Вздохнув, он снял штаны, оставив их на полу, лег рядом с Розамундой и посмотрел на нее. Она лежала на спине с закрытыми глазами, надеясь, несомненно, что он решит, будто она спит, и оставит ее в покое.
Но он не мог оставить ее в покое, не собирался делать этого.
Слегка улыбнувшись, он засунул руку под покрывало и накрыл мягкое полушарие ее груди поверх рубашки. Она напряглась, дыхание ее внезапно участилось, когда он слегка провел большим пальцем по уже набухшему соску.
Розамунда на мгновение крепко зажмурила глаза, борясь с наслаждением, охватившим ее при одном его легком прикосновении, и открыла рот, чтобы повторить мужу слова епископа Шрусбери о том, что ласка тоже грех. Но едва она открыла рот, как муж приник губами к ее губам, а его язык воспользовался возможностью и проник в ее рот.
О, это неправильно, в панике подумала она. И похотливые поцелуи тоже грех, наверняка епископ счел бы такой поцелуй именно похотливым. И хуже всего то, с ужасом поняла Розамунда, что она наслаждается им, а епископ утверждал, что и это грех. О Господи, ей непременно гореть в аду, если она не остановит его.
Розамунда судорожно уперлась руками в его плечи, пытаясь оттолкнуть, но с его мощным телосложением Эрик даже не заметил этого, а его язык творил с ней такие вещи, которые обещали и наслаждение, и место в аду.
Розамунда застонала – не то от бессилия, не то от восторга, – когда его руки заскользили по ее телу. Она изо всех сил сопротивлялась наслаждению, даже когда ей хотелось еще крепче обнять мужа и выгнуться навстречу его рукам. Когда он прижал руку к средоточию ее женственности, она умоляюще застонала, мысленно моля Господа спасти ее от ее собственного похотливого желания. Но Господу, вероятно, сейчас было не до нее, и ее мольба осталась без ответа. Эрик же, казалось, не замечал ее попыток плотнее сжать ноги и не дать ему прикоснуться к ней.

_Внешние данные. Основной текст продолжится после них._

lemma sum_read_indices_consistency_weight:
  assumes "k0 \<in> words n \<times> {..<N}" "compatible (fst k0) y"
  shows "(\<Sum>k\<in>words n \<times> {..<N} - {k0}. prod_list (map2 (consistency_weight p) (fst k) y)) =
    real N * erasure_weight p y - 1"
proof -
  have len: "length y = n"
    using assms by (auto simp: words_def dest: compatible_length)
  have "(\<Sum>k\<in>words n \<times> {..<N} - {k0}. prod_list (map2 (consistency_weight p) (fst k) y)) =
      (\<Sum>k\<in>words n \<times> {..<N}. prod_list (map2 (consistency_weight p) (fst k) y)) - 1"
    using assms by (simp add: sum_diff1 finite_read_indices prod_list_consistency_weight_compatible)
  also have "\<dots> = (\<Sum>x\<in>words n. \<Sum>j<N. prod_list (map2 (consistency_weight p) x y)) - 1"
    unfolding sum.cartesian_product by (simp only: case_prod_unfold)
  also have "\<dots> = real N * erasure_weight p y - 1"
    using len by (simp add: sum_distrib_left[symmetric] sum_words_consistency_weight)
  finally show ?thesis .
qed
theorem lemma15:
  fixes k :: nat
  assumes "k \<ge> 1"
  shows "(\<forall>j. 1 \<le> j \<and> j < 2 ^ k - 1 \<longrightarrow>
            mubar k (2 ^ k - 1) j = (rho ^ k - 1) * (cvec k j - piv k j))
       \<and> (\<forall>j. 1 \<le> j \<and> j < 2 ^ k - 1 \<longrightarrow>
            mu (k + 1) (Some (2 ^ k - 1)) j
              = rho ^ (2 * k - 1) / (rho ^ (k - 1) + 1) * (cvec k j - piv k j)
            \<and> mu (k + 1) (Some (2 ^ k - 1)) j \<ge> 0)"
proof (intro conjI allI impI; elim conjE)
  fix j :: nat
  assume j: "1 \<le> j" "j < 2 ^ k - 1"
  show "mubar k (2 ^ k - 1) j = (rho ^ k - 1) * (cvec k j - piv k j)"
    by (rule mubar_last_row[OF j(2)])
  show mu_eq: "mu (k + 1) (Some (2 ^ k - 1)) j
      = rho ^ (2 * k - 1) / (rho ^ (k - 1) + 1) * (cvec k j - piv k j)"
    using mu_Suc_upper_last_row[OF assms j] by simp
  have "0 \<le> rho ^ (2 * k - 1) / (rho ^ (k - 1) + 1) * (cvec k j - piv k j)"
    using rho_gt_1 piv_le_cvec[of k j] by (simp add: add_pos_pos)
  then show "mu (k + 1) (Some (2 ^ k - 1)) j \<ge> 0"
    unfolding mu_eq .
qed

end
lemma exp_scaleR_shifted_has_vector_derivative:
  fixes B :: "'a::{real_normed_algebra_1,banach}"
  shows "((\<lambda>s. exp ((s - t) *\<^sub>R B)) has_vector_derivative exp ((s - t) *\<^sub>R B) * B) (at s within S)"
proof -
  have "((\<lambda>s. s - t) has_vector_derivative 1) (at s within S)"
    by (auto intro!: derivative_eq_intros simp flip: has_real_derivative_iff_has_vector_derivative)
  from vector_diff_chain_within[OF this exp_scaleR_has_vector_derivative_right]
  show ?thesis
    by (simp add: o_def)
qed

definition linop_of_matrix :: "real^'n^'n \<Rightarrow> (real^'n::finite) linop"
  where "linop_of_matrix A = Linop (Blinfun ((*v) A))"

definition matrix_of_linop :: "(real^'n::finite) linop \<Rightarrow> real^'n^'n"
  where "matrix_of_linop X = matrix (blinfun_apply (blinfun_of_linop X))"

lemma linop_of_matrix_apply [simp]: "blinfun_of_linop (linop_of_matrix A) x = A *v x"
  by (simp add: linop_of_matrix_def Linop_inverse bounded_linear_Blinfun_apply)

lemma matrix_of_linop_apply: "matrix_of_linop X *v x = blinfun_of_linop X x"
  by (simp add: matrix_of_linop_def matrix_works blinfun.bounded_linear_right bounded_linear.linear)

lemma linop_of_matrix_scaleR: "linop_of_matrix (r *\<^sub>R A) = r *\<^sub>R linop_of_matrix A"
  by (simp add: linop_eq_iff blinfun_eqI scaleR_blinfun.rep_eq scaleR_matrix_vector_assoc)

lemma linop_of_matrix_zero [simp]: "linop_of_matrix 0 = 0"
  using linop_of_matrix_scaleR[of 0] by simp

lemma matrix_of_linop_power: "matrix_of_linop (linop_of_matrix A ^ k) = mat_pow A k"
proof -
  have "blinfun_of_linop (linop_of_matrix A ^ k) x = mat_pow A k *v x" for x
    by (induction k arbitrary: x) (simp_all add: matrix_vector_mul_assoc)
  then show ?thesis
    by (metis matrix_eq matrix_of_linop_apply)
qed

lemma matrix_of_linop_add: "matrix_of_linop (X + Y) = matrix_of_linop X + matrix_of_linop Y"
  by (simp add: matrix_eq matrix_of_linop_apply matrix_vector_mult_add_rdistrib blinfun.add_left)

lemma matrix_of_linop_scaleR: "matrix_of_linop (r *\<^sub>R X) = r *\<^sub>R matrix_of_linop X"
  by (simp add: matrix_eq matrix_of_linop_apply scaleR_blinfun.rep_eq flip: scaleR_matrix_vector_assoc)

lemma bounded_linear_matrix_of_linop:
  "bounded_linear (matrix_of_linop :: (real^'n::finite) linop \<Rightarrow> _)"
proof (rule bounded_linear_intro[where K = "real CARD('n) * real CARD('n)"])
  fix X :: "(real^'n) linop"
  have entry: "\<bar>matrix_of_linop X $ i $ j\<bar> \<le> norm X" for i j
    unfolding matrix_of_linop_def norm_blinfun.rep_eq blinfun_of_linop_simps
    by (rule component_le_onorm) (simp add: blinfun.bounded_linear_right bounded_linear.linear)
  have "norm (matrix_of_linop X) \<le> (\<Sum>i\<in>UNIV. norm (matrix_of_linop X $ i))"
    by (simp add: norm_vec_def L2_set_le_sum)
  also have "\<dots> \<le> (\<Sum>i\<in>(UNIV::'n set). \<Sum>j\<in>(UNIV::'n set). \<bar>matrix_of_linop X $ i $ j\<bar>)"
    by (intro sum_mono norm_le_l1_cart)
  also have "\<dots> \<le> (\<Sum>i\<in>(UNIV::'n set). \<Sum>j\<in>(UNIV::'n set). norm X)"
    by (intro sum_mono entry)
  finally show "norm (matrix_of_linop X) \<le> norm X * (real CARD('n) * real CARD('n))"
    by (simp add: algebra_simps)
qed (simp_all add: matrix_of_linop_add matrix_of_linop_scaleR)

Когда Эрик оторвался от ее губ, она вдохнула побольше воздуха и открыла рот, чтобы предупредить его об опасности, угрожавшей его душе. Но вместо этого она ахнула – его пальцы проникли в нее, коснувшись самого сокровенного и чувствительного места. Розамунда тут же прикусила губу, пытаясь бороться с нахлынувшими ощущениями. А когда его губы внезапно обхватили ее напрягшийся сосок, она до крови закусила губу. Его зубы, играющие с чувствительным бутоном через влажную ткань рубашки, доставляли такое мучительное наслаждение, что она тяжело задышала.
И только когда он убрал руку, чтобы снять с нее рубашку, она смогла заговорить.
– Милорд, – выдохнула она, – епископ Шрусбери…
Оторвавшись от ее груди, Эрик накрыл ее рот рукой и покачал головой:
– Тише.
– Но…
– Нет, я не стану больше слушать ту ерунду, что говорил Шрусбери.
– Но…
– Нет, – твердо повторил он. – Я знаю мнение церкви о наготе. И я также знаю ее мнение о брачном ложе. Мне не нужны поучения ни от тебя, ни от Шрусбери.
Розамунда смотрела на него во все глаза, не находя никаких доводов. В этом не было смысла; ведь он только что признал, что знает мнение церкви. И бесполезно было повторять ему это. И что же теперь делать? Епископ ясно сказал, что наслаждение в постели опасно для ее души, однако же отец велел подчиняться упрямцу, которому, похоже, нет дела ни до ее души, ни до своей собственной.
Мысли Розамунды разбрелись, а Эрик вдруг взял ее за руку и потянул, вынуждая сесть. Затем он велел ей встать на колени, она подчинилась без разговоров, но все же накрыла его руки своими, пытаясь остановить, когда он стал поднимать рубашку. Она ничего не сказала, только смотрела на него полным мольбы взглядом.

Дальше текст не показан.